Tuscany Residents Association 2005 AGM

Just got back from the AGM at the Tuscany Club. One of the less eventful AGMs we’ve had (which is a Good Thing™), especially with Carma nearly done with planning the rest of their development.

  • New member of the board of directors
    Kelly Taylor also represents the Tuscany Community Association, so there will be some nice connections there. All of the board members should be more active in the TCA as well…
    The existing 7 board members were re-elected, with Kelly added as a new one.
  • We’re going to have a really hard time meeting quorum in the next year or two. Carma still holds over 500 votes, so we were able to make the ~500 required voting member quorum this time. But, as Carma sells off their lots, the number of votes they hold drops. In the next year or two, that will drop us below the automatically-meeting-quorum waterline. We had 30 proxies mailed in from members, and maybe a dozen (perhaps as high as 20? I don’t have the roll call handy) voting members turned up at the meeting. Which means, after Carma is done, we would have had 50 votes tops, leaving us 450 short.
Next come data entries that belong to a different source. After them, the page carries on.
lemma lucas_defect_at_multiple:
  assumes "k \<ge> 1" and q: "Suc p = k * q"
  shows "lucas_defect k (int (Suc p) - int k * int i) =
    (if i = q then 1 else 0) + (if i = q - 1 then of_nat (k - 1) else 0)"
proof -
  have "q \<ge> 1" using q by (cases q) auto
  have "int (Suc p) - int k * int i = 0 \<longleftrightarrow> int (k * q) = int (k * i)"
    unfolding q by simp
  then have at_0: "int (Suc p) - int k * int i = 0 \<longleftrightarrow> i = q"
    using assms by (simp only: of_nat_eq_iff) auto
  have "int (Suc p) - int k * int i = int k \<longleftrightarrow> int (Suc p) = int (k * Suc i)"
    by (simp add: algebra_simps)
  also have "\<dots> \<longleftrightarrow> k * q = k * Suc i"
    unfolding q by (simp only: of_nat_eq_iff)
  also have "\<dots> \<longleftrightarrow> q = Suc i"
    using assms by (simp only: mult_cancel_left) simp
  also have "\<dots> \<longleftrightarrow> i = q - 1"
    using \<open>q \<ge> 1\<close> by auto
  finally show ?thesis
    by (simp only: lucas_defect_def at_0)
qed

lemma lucas_defect_not_multiple:
  assumes "\<not> k dvd Suc p"
  shows "lucas_defect k (int (Suc p) - int k * int i) = 0"
proof -
  have "Suc p \<noteq> k * i" "Suc p \<noteq> k * Suc i" using assms by auto
  then have "int (Suc p) \<noteq> int (k * i)" "int (Suc p) \<noteq> int (k * Suc i)"
    by (simp_all only: of_nat_eq_iff) simp_all
  then show ?thesis by (simp add: lucas_defect_def algebra_simps)
qed

lemma alternating_binomial_lucas_defect_sum:
  assumes "k \<ge> 1"
  shows "(\<Sum>i\<le>p. (-1) ^ i * of_nat (p choose i) * lucas_defect k (int (Suc p) - int k * int i)) = 0"
proof (cases "k dvd Suc p")
  case True
  then obtain q where q: "Suc p = k * q" by (auto elim: dvdE)
  then have "q \<ge> 1" by (cases q) auto
  have "(\<Sum>i\<le>p. (-1) ^ i * of_nat (p choose i) * lucas_defect k (int (Suc p) - int k * int i)) =
      (\<Sum>i\<le>p. (if i = q then (-1) ^ q * of_nat (p choose q) else 0) +
        (if i = q - 1 then (-1) ^ (q - 1) * of_nat (p choose (q - 1)) * of_nat (k - 1) else 0))"
    unfolding lucas_defect_at_multiple[OF assms q] using \<open>q \<ge> 1\<close> by (intro sum.cong) auto
  also have "\<dots> = (-1) ^ q * of_nat (p choose q) + (-1) ^ (q - 1) * of_nat (p choose (q - 1)) * of_nat (k - 1)"
  proof -
    have "q - 1 \<le> p" using q assms by (metis diff_le_mono le_add1 mult_le_mono1 mult_1 diff_Suc_1 order_trans)
    moreover have "(p choose q) = 0" if "\<not> q \<le> p" using that by (simp add: binomial_eq_0)
    ultimately show ?thesis by (simp add: sum.distrib)
  qed
  also have "\<dots> = 0"
  proof -
    have "(-1 :: int poly) ^ q = - ((-1) ^ (q - 1))" using \<open>q \<ge> 1\<close> by (cases q) auto
    moreover have "p = k * q - 1" using q by simp
    ultimately show ?thesis
      using choose_mult_minus_one[OF \<open>q \<ge> 1\<close>, of k] by (simp add: mult_ac)
  qed
  finally show ?thesis .
next
  case False
  show ?thesis unfolding lucas_defect_not_multiple[OF False] by simp
qed

lemma alternating_binomial_lucas_sum:
  assumes "k \<ge> 1"
  shows "(\<Sum>i\<le>n. (-1) ^ i * of_nat (n choose i) * lucas_ext k (int n - int k * int i)) = [:0, 1:] ^ n"
proof (induction n)
  case 0
  then show ?case by (simp add: lucas_ext_def)
next
  case (Suc p)
  have step: "lucas_ext k (int (Suc p) - int k * int i) - lucas_ext k (int (Suc p) - int k * int (Suc i)) =
      [:0, 1:] * lucas_ext k (int p - int k * int i) + lucas_defect k (int (Suc p) - int k * int i)" for i
    using lucas_ext_rec[OF assms, of "int (Suc p) - int k * int i"] by (simp add: algebra_simps)
  have "(\<Sum>i\<le>Suc p. (-1) ^ i * of_nat (Suc p choose i) * lucas_ext k (int (Suc p) - int k * int i)) =
      (\<Sum>i\<le>p. [:0, 1:] * ((-1) ^ i * of_nat (p choose i) * lucas_ext k (int p - int k * int i)) +
        (-1) ^ i * of_nat (p choose i) * lucas_defect k (int (Suc p) - int k * int i))"
    unfolding alternating_binomial_sum_Suc step by (intro sum.cong) (simp_all add: ring_distribs mult_ac)
  also have "\<dots> = [:0, 1:] * (\<Sum>i\<le>p. (-1) ^ i * of_nat (p choose i) * lucas_ext k (int p - int k * int i)) +
      (\<Sum>i\<le>p. (-1) ^ i * of_nat (p choose i) * lucas_defect k (int (Suc p) - int k * int i))"
    by (simp add: sum.distrib sum_distrib_left)
  also have "\<dots> = [:0, 1:] ^ Suc p"
    unfolding Suc.IH alternating_binomial_lucas_defect_sum[OF assms] by simp
  finally show ?case .
qed

lemma alternating_binomial_lucas_sum_residue:
  assumes "k \<ge> 1" and "r < k"
  shows "(\<Sum>j\<le>m. (-1) ^ (m - j) * of_nat (k * m + r choose (m - j)) * lucas_ext k (int (k * j + r))) =
    [:0, 1:] ^ (k * m + r)"
proof -
  let ?n = "k * m + r"
  let ?f = "\<lambda>i. (-1) ^ i * of_nat (?n choose i) * lucas_ext k (int ?n - int k * int i)"
  have "(\<Sum>i\<le>?n. ?f i) = (\<Sum>i\<le>m. ?f i)"
  proof (rule sum.mono_neutral_right)
    show "{..m} \<subseteq> {..?n}"
      using assms by (metis atMost_subset_iff le_add1 mult_le_mono1 mult_1 order_trans)
    show "\<forall>i\<in>{..?n} - {..m}. ?f i = 0"
    proof
      fix i assume "i \<in> {..?n} - {..m}"
      then have "k * Suc m \<le> k * i" by (intro mult_le_mono2) auto
      with \<open>r < k\<close> have "int ?n < int k * int i" by (simp flip: of_nat_mult)
      then show "?f i = 0" by (simp add: lucas_ext_def)
    qed
  qed simp
  also have "\<dots> = (\<Sum>j\<le>m. ?f (m - j))"
    using sum.atLeastAtMost_rev[of ?f 0 m] by (simp add: atMost_atLeast0)
  also have "\<dots> = (\<Sum>j\<le>m. (-1) ^ (m - j) * of_nat (?n choose (m - j)) * lucas_ext k (int (k * j + r)))"
    by (intro sum.cong) (auto simp: of_nat_diff algebra_simps diff_mult_distrib2)
  finally show ?thesis
    using alternating_binomial_lucas_sum[OF assms(1), of ?n] by simp
qed
(* (i) Let $(H,\mathcal{R})$ be a quasitriangular Hopf algebra over a field $k$ with $H\neq k$. Then the functor ${}_H\mathcal{M}\to{}^H_H\mathcal{M}$ sending a left $H$-module $(V,\triangleright)$ to the crossed module $(V,\triangleright,\beta)$ with $\beta(v)=\mathcal{R}^{(2)}\otimes\mathcal{R}^{(1)}\triangleright v$, and acting as the identity on morphisms, is not an isomorphism of categories. (ii) Let $(H,\mathcal{R})$ be a dual quasitriangular Hopf algebra over $k$ with $H\neq k$. Then the functor ${}^H\mathcal{M}\to{}^H_H\mathcal{M}$ sending a left $H$-comodule $(V,\beta)$, $\beta(v)=v^{\bar{(1)}}\otimes v^{\bar{(2)}}$, to $(V,\beta,\triangleright)$ with $h\triangleright v=\mathcal{R}(v^{\bar{(1)}}\otimes h)v^{\bar{(2)}}$, and acting as the identity on morphisms, is not an isomorphism of categories.
   Context: A quasitriangular Hopf algebra is a Hopf algebra $H$ with invertible $\mathcal{R}=\mathcal{R}^{(1)}\otimes\mathcal{R}^{(2)}\in H\otimes H$ (summation understood) with $(\Delta\otimes\mathrm{id})\mathcal{R}=\mathcal{R}_{13}\mathcal{R}_{23}$, $(\mathrm{id}\otimes\Delta)\mathcal{R}=\mathcal{R}_{13}\mathcal{R}_{12}$, $\Delta^{op}=\mathcal{R}(\Delta\,\cdot)\mathcal{R}^{-1}$. A dual quasitriangular Hopf algebra is a Hopf algebra with a convolution-invertible $\mathcal{R}:H\otimes H\to k$ satisfying $\mathcal{R}(hg\otimes f)=\mathcal{R}(h\otimes f_{(1)})\mathcal{R}(g\otimes f_{(2)})$, $\mathcal{R}(h\otimes gf)=\mathcal{R}(h_{(1)}\otimes f)\mathcal{R}(h_{(2)}\otimes g)$, $g_{(1)}h_{(1)}\mathcal{R}(h_{(2)}\otimes g_{(2)})=\mathcal{R}(h_{(1)}\otimes g_{(1)})h_{(2)}g_{(2)}$. ${}_H\mathcal{M}$ and ${}^H\mathcal{M}$ denote the categories of left $H$-modules and left $H$-comodules. ${}^H_H\mathcal{M}$ is the category of left crossed modules: vector spaces $V$ with a left $H$-action $\triangleright$ and a left $H$-coaction $v\mapsto v^{\bar{(1)}}\otimes v^{\bar{(2)}}\in H\otimes V$ satisfying $h_{(1)}v^{\bar{(1)}}\otimes h_{(2)}\triangleright v^{\bar{(2)}}=(h_{(1)}\triangleright v)^{\bar{(1)}}h_{(2)}\otimes(h_{(1)}\triangleright v)^{\bar{(2)}}$, with morphisms the linear maps intertwining both the action and the coaction. *)

theory Defs
  imports Main "HOL.Vector_Spaces"
begin

text \<open>An element of A \<otimes> B is represented by a finite list of pairs (a formal sum of
pure tensors).  Two representatives denote the same tensor iff they agree under
every f \<otimes> g with f, g linear functionals (over a field linear functionals separate
the points of a tensor product).\<close>

definition teq2 ::
  "('k::field \<Rightarrow> 'a::ab_group_add \<Rightarrow> 'a) \<Rightarrow> ('k \<Rightarrow> 'b::ab_group_add \<Rightarrow> 'b) \<Rightarrow>
   ('a \<times> 'b) list \<Rightarrow> ('a \<times> 'b) list \<Rightarrow> bool" where
  "teq2 sa sb xs ys \<longleftrightarrow>
     (\<forall>f g. Vector_Spaces.linear sa (*) f \<longrightarrow> Vector_Spaces.linear sb (*) g \<longrightarrow>
        sum_list (map (\<lambda>(a, b). f a * g b) xs) = sum_list (map (\<lambda>(a, b). f a * g b) ys))"

definition teq3 ::
  "('k::field \<Rightarrow> 'a::ab_group_add \<Rightarrow> 'a) \<Rightarrow> ('k \<Rightarrow> 'b::ab_group_add \<Rightarrow> 'b) \<Rightarrow>
   ('k \<Rightarrow> 'c::ab_group_add \<Rightarrow> 'c) \<Rightarrow>
   ('a \<times> 'b \<times> 'c) list \<Rightarrow> ('a \<times> 'b \<times> 'c) list \<Rightarrow> bool" where
  "teq3 sa sb sc xs ys \<longleftrightarrow>
     (\<forall>f g h. Vector_Spaces.linear sa (*) f \<longrightarrow> Vector_Spaces.linear sb (*) g \<longrightarrow> Vector_Spaces.linear sc (*) h \<longrightarrow>
        sum_list (map (\<lambda>(a, b, c). f a * g b * h c) xs) =
        sum_list (map (\<lambda>(a, b, c). f a * g b * h c) ys))"

definition hopf_algebra ::
  "('k::field \<Rightarrow> 'h::ab_group_add \<Rightarrow> 'h) \<Rightarrow> ('h \<Rightarrow> 'h \<Rightarrow> 'h) \<Rightarrow> 'h \<Rightarrow>
   ('h \<Rightarrow> ('h \<times> 'h) list) \<Rightarrow> ('h \<Rightarrow> 'k) \<Rightarrow> ('h \<Rightarrow> 'h) \<Rightarrow> bool" where
  "hopf_algebra sc mult one Delta eps S \<longleftrightarrow>
     vector_space sc
   \<comment> \<open>associative unital algebra\<close>
   \<and> (\<forall>a b c. mult (mult a b) c = mult a (mult b c))
   \<and> (\<forall>a. mult one a = a \<and> mult a one = a)
   \<and> (\<forall>a b c. mult (a + b) c = mult a c + mult b c \<and> mult a (b + c) = mult a b + mult a c)
   \<and> (\<forall>r a b. mult (sc r a) b = sc r (mult a b) \<and> mult a (sc r b) = sc r (mult a b))
   \<comment> \<open>coassociative counital coalgebra\<close>
   \<and> (\<forall>a b. teq2 sc sc (Delta (a + b)) (Delta a @ Delta b))
   \<and> (\<forall>r a. teq2 sc sc (Delta (sc r a)) [(sc r x, y). (x, y) \<leftarrow> Delta a])
   \<and> (\<forall>h. teq3 sc sc sc [(x1, x2, y). (x, y) \<leftarrow> Delta h, (x1, x2) \<leftarrow> Delta x]
                         [(x, y1, y2). (x, y) \<leftarrow> Delta h, (y1, y2) \<leftarrow> Delta y])
   \<and> Vector_Spaces.linear sc (*) eps
   \<and> (\<forall>h. sum_list [sc (eps x) y. (x, y) \<leftarrow> Delta h] = h
        \<and> sum_list [sc (eps y) x. (x, y) \<leftarrow> Delta h] = h)
   \<comment> \<open>bialgebra\<close>
   \<and> (\<forall>a b. teq2 sc sc (Delta (mult a b))
              [(mult a1 b1, mult a2 b2). (a1, a2) \<leftarrow> Delta a, (b1, b2) \<leftarrow> Delta b])
   \<and> teq2 sc sc (Delta one) [(one, one)]
   \<and> (\<forall>a b. eps (mult a b) = eps a * eps b)
   \<and> eps one = 1
   \<comment> \<open>antipode\<close>
   \<and> Vector_Spaces.linear sc sc S
   \<and> (\<forall>h. sum_list [mult (S x) y. (x, y) \<leftarrow> Delta h] = sc (eps h) one
        \<and> sum_list [mult x (S y). (x, y) \<leftarrow> Delta h] = sc (eps h) one)"
subsection \<open>Symmetric positive-definite matrices\<close>

lemma spd_symmetric: "spd S \<Longrightarrow> transpose S = S"
  by (simp add: spd_def)

lemma spd_invertible:
  fixes S :: "real^'n^'n"
  assumes "spd S"
  shows "invertible S"
proof -
  have "inj ((*v) S)"
  proof (rule injI)
    fix x y assume "S *v x = S *v y"
    then have "quad_form S (x - y) = 0" by (simp add: matrix_vector_mult_diff_distrib)
    then show "x = y" using assms unfolding spd_def by (metis less_irrefl eq_iff_diff_eq_0)
  qed
  then show ?thesis using matrix_left_invertible_injective invertible_left_inverse by blast
qed

lemma spd_matrix_inv:
  fixes S :: "real^'n^'n"
  assumes S: "spd S"
  shows "spd (matrix_inv S)"
  unfolding spd_def
proof (intro conjI allI impI)
  have iS: "invertible S" using S spd_invertible by blast
  then show "transpose (matrix_inv S) = matrix_inv S"
    using S by (simp add: transpose_matrix_inv spd_symmetric)
  fix v :: "real^'n" assume v: "v \<noteq> 0"
  define w where "w = matrix_inv S *v v"
  have Sw: "S *v w = v" using iS by (simp add: w_def matrix_vector_mul_assoc matrix_inv_right)
  then have "w \<noteq> 0" using v by auto
  then have "quad_form S w > 0" using S unfolding spd_def by auto
  then show "v \<bullet> (matrix_inv S *v v) > 0"
    using Sw by (simp add: w_def inner_commute)
qed

lemma spd_add:
  fixes S T :: "real^'n^'n"
  assumes "spd S" "spd T"
  shows "spd (S + T)"
  using assms unfolding spd_def
  by (auto simp: matrix_vector_mult_add_rdistrib inner_add_right transpose_add add_pos_pos)

lemma spd_det_pos:
  fixes S :: "real^'n^'n"
  assumes S: "spd S"
  shows "det S > 0"
proof (rule ccontr)
  assume "\<not> det S > 0"
  \<comment> \<open>every matrix on the segment from \<open>mat 1\<close> to \<open>S\<close> is positive definite,
    so \<open>det\<close> has no zero there\<close>
  define S' where "S' = (\<lambda>l::real. (1 - l) *\<^sub>R mat 1 + l *\<^sub>R S)"
  have "continuous_on {0..1} (\<lambda>l. det (S' l))"
    unfolding S'_def det_def by (intro continuous_intros)
  moreover have "det (S' 1) \<le> 0" "0 \<le> det (S' 0)"
    using \<open>\<not> det S > 0\<close> by (auto simp: S'_def)
  ultimately obtain l where l: "0 \<le> l" "l \<le> 1" "det (S' l) = 0"
    using IVT2'[of "\<lambda>l. det (S' l)" 1 0 0] by auto
  have "spd (S' l)"
    unfolding spd_def
  proof (intro conjI allI impI)
    show "transpose (S' l) = S' l"
      using S unfolding spd_def S'_def by (auto simp: transpose_def vec_eq_iff mat_def)
    fix v :: "real^'n" assume v: "v \<noteq> 0"
    have "v \<bullet> (S' l *v v) = (1 - l) * (v \<bullet> v) + l * quad_form S v"
      by (simp add: S'_def matrix_vector_mult_add_rdistrib inner_add_right
          scaleR_matrix_vector_assoc[symmetric])
    moreover have "quad_form S v > 0" using S v spd_def by blast
    moreover have "v \<bullet> v > 0" using v by simp
    ultimately show "0 < v \<bullet> (S' l *v v)"
      using l by (smt (verit) mult_nonneg_nonneg mult_pos_pos)
  qed
  then show False using l spd_invertible invertible_det_nz by blast
qed

lemma spd_quad_form_lower_bound:
  fixes P :: "real^'n^'n"
  assumes "spd P"
  obtains l where "l > 0" "\<And>u. l * (u \<bullet> u) \<le> quad_form P u"
proof -
  have "continuous_on (sphere 0 1) (\<lambda>u::real^'n. quad_form P u)"
    by (intro continuous_intros)
  moreover have "sphere (0::real^'n) 1 \<noteq> {}"
    by (metis empty_iff norm_Basis SOME_Basis mem_sphere_0)
  ultimately obtain u0 where u0: "u0 \<in> sphere 0 1"
    and min: "\<And>v. v \<in> sphere 0 1 \<Longrightarrow> quad_form P u0 \<le> quad_form P v"
    using continuous_attains_inf[OF compact_sphere] by blast
  have "quad_form P u0 * (u \<bullet> u) \<le> quad_form P u" for u
  proof (cases "u = 0")
    case False
    define v where "v = (1 / norm u) *\<^sub>R u"
    have "v \<in> sphere 0 1" using False by (simp add: v_def)
    moreover have "quad_form P u = (norm u)^2 * quad_form P v"
      using False by (simp add: v_def matrix_vector_mult_scaleR power2_eq_square)
    ultimately show ?thesis
      using mult_right_mono[OF min zero_le_power2[of "norm u"]]
      by (simp add: power2_norm_eq_inner[symmetric] mult.commute)
  qed simp
  moreover have "quad_form P u0 > 0"
    using assms u0 unfolding spd_def by (metis mem_sphere_0 norm_zero zero_neq_one)
  ultimately show ?thesis using that by blast
qed

subsection \<open>Gaussian integrals\<close>

lemma integrable_prod_Basis:
  fixes g :: "real \<Rightarrow> real"
  assumes g: "integrable lborel g" and nn: "\<And>t. 0 \<le> g t"
  shows "integrable lborel (\<lambda>x::'a::euclidean_space. \<Prod>b\<in>Basis. g (x \<bullet> b))"
proof -
  have gm[measurable]: "g \<in> borel_measurable borel"
    using g by (simp add: borel_measurable_integrable)
  have fin: "(\<integral>\<^sup>+x. ennreal (g x) \<partial>lborel) < \<infinity>"
    using g nn by (simp add: integrable_iff_bounded)
  have "(\<integral>\<^sup>+x. ennreal (norm (\<Prod>b\<in>Basis. g ((x::'a) \<bullet> b))) \<partial>lborel)
       = (\<integral>\<^sup>+x. (\<Prod>b\<in>(Basis::'a set). ennreal (g ((x::'a) \<bullet> b))) \<partial>lborel)"
    by (auto intro!: nn_integral_cong simp: prod_nonneg nn prod_ennreal abs_prod)
  also have "\<dots> = (\<Prod>b\<in>(Basis::'a set). (\<integral>\<^sup>+x. ennreal (g x) \<partial>lborel))"
    by (rule nn_integral_lborel_prod) auto
  also have "\<dots> < \<infinity>"
    using fin by (simp add: less_top[symmetric] ennreal_prod_eq_top power_eq_top_ennreal)
  finally show ?thesis
    unfolding integrable_iff_bounded by simp
qed

lemma integrable_exp_neg_sq:
  fixes a :: real assumes a: "a > 0"
  shows "integrable lborel (\<lambda>t::real. exp (- a * t^2))"
proof -
  define \<sigma> where "\<sigma> = sqrt (1 / (2 * a))"
  have s2: "\<sigma>^2 = 1 / (2 * a)" using a by (simp add: \<sigma>_def)
  have spos: "\<sigma> > 0" using a by (simp add: \<sigma>_def)
  have "(\<lambda>t. exp (- a * t^2)) = (\<lambda>t. sqrt (2 * pi * \<sigma>^2) * normal_density 0 \<sigma> t)"
  proof
    fix t :: real
    have nz: "sqrt (2 * pi * \<sigma>^2) \<noteq> 0" using spos by simp
    have "sqrt (2 * pi * \<sigma>^2) * normal_density 0 \<sigma> t = exp (- ((t - 0)^2) / (2 * \<sigma>^2))"
      unfolding normal_density_def using nz by simp
    also have "- ((t - 0)^2) / (2 * \<sigma>^2) = - a * t^2" using a by (simp add: s2)
    finally show "exp (- a * t^2) = sqrt (2 * pi * \<sigma>^2) * normal_density 0 \<sigma> t" by simp
  qed
  moreover have "integrable lborel (\<lambda>t. sqrt (2 * pi * \<sigma>^2) * normal_density 0 \<sigma> t)"
    using spos by (intro integrable_mult_right) auto
  ultimately show ?thesis by (simp only:)
qed

lemma integrable_exp_neg_inner:
  fixes a :: real assumes a: "a > 0"
  shows "integrable lborel (\<lambda>u::'a::euclidean_space. exp (- a * (u \<bullet> u)))"
proof -
  have e: "u \<bullet> u = (\<Sum>b\<in>Basis. (u \<bullet> b)^2)" for u :: 'a
    by (subst euclidean_inner) (simp add: power2_eq_square)
  have "(\<lambda>u::'a. exp (- a * (u \<bullet> u))) = (\<lambda>u. \<Prod>b\<in>Basis. exp (- a * (u \<bullet> b)^2))"
  proof
    fix u :: 'a
    have "exp (- a * (u \<bullet> u)) = exp (\<Sum>b\<in>Basis. - a * (u \<bullet> b)^2)"
      by (simp only: e sum_distrib_left[symmetric])
    also have "\<dots> = (\<Prod>b\<in>Basis. exp (- a * (u \<bullet> b)^2))"
      by (rule exp_sum) simp
    finally show "exp (- a * (u \<bullet> u)) = (\<Prod>b\<in>Basis. exp (- a * (u \<bullet> b)^2))" .
  qed
  then show ?thesis
    using integrable_prod_Basis[OF integrable_exp_neg_sq[OF a]] by simp
qed

lemma lborel_integral_translate:
  fixes f :: "'a::euclidean_space \<Rightarrow> real" and m :: 'a
  assumes [measurable]: "f \<in> borel_measurable borel"
  shows "(\<integral>s. f (s - m) \<partial>lborel) = (\<integral>s. f s \<partial>lborel)"
proof -
  have "(\<integral>s. f (s - m) \<partial>distr lborel borel ((+) m)) = (\<integral>s. f s \<partial>lborel)"
    by (subst integral_distr) auto
  then show ?thesis by (simp add: lborel_distr_plus)
qed

lemma borel_measurable_exp_quad_form [measurable]:
  "(\<lambda>u. exp (-(1/2) * quad_form P u)) \<in> borel_measurable borel"
  by (intro borel_measurable_continuous_onI continuous_intros)

lemma integrable_exp_quad_form:
  fixes P :: "real^'n^'n"
  assumes "spd P"
  shows "integrable lborel (\<lambda>u. exp (-(1/2) * quad_form P u))"
proof -
  obtain l where l: "l > 0" "\<And>u. l * (u \<bullet> u) \<le> quad_form P u"
    using spd_quad_form_lower_bound[OF assms] by blast
  show ?thesis
  proof (rule Bochner_Integration.integrable_bound[OF integrable_exp_neg_inner[of "l / 2"]])
    show "(\<lambda>u. exp (-(1/2) * quad_form P u)) \<in> borel_measurable lborel"
      by (simp only: measurable_lborel2 borel_measurable_exp_quad_form)
    show "AE u in lborel. norm (exp (-(1/2) * quad_form P u)) \<le> norm (exp (- (l / 2) * (u \<bullet> u)))"
      using l(2) by auto
  qed (use l in auto)
qed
We’ll have to do some thinking about this. There are ways to handle missed quorum, but it just becomes a pain (scheduling two meetings, one week apart, and holding the “real” meeting on the later one because nobody showed up to the first one…)
  • “official” meeting ended in record time - 14:59 after the meeting opened. Bob thankfully rushed through the official legal business. Wah wah wawawah wah blah blah :-)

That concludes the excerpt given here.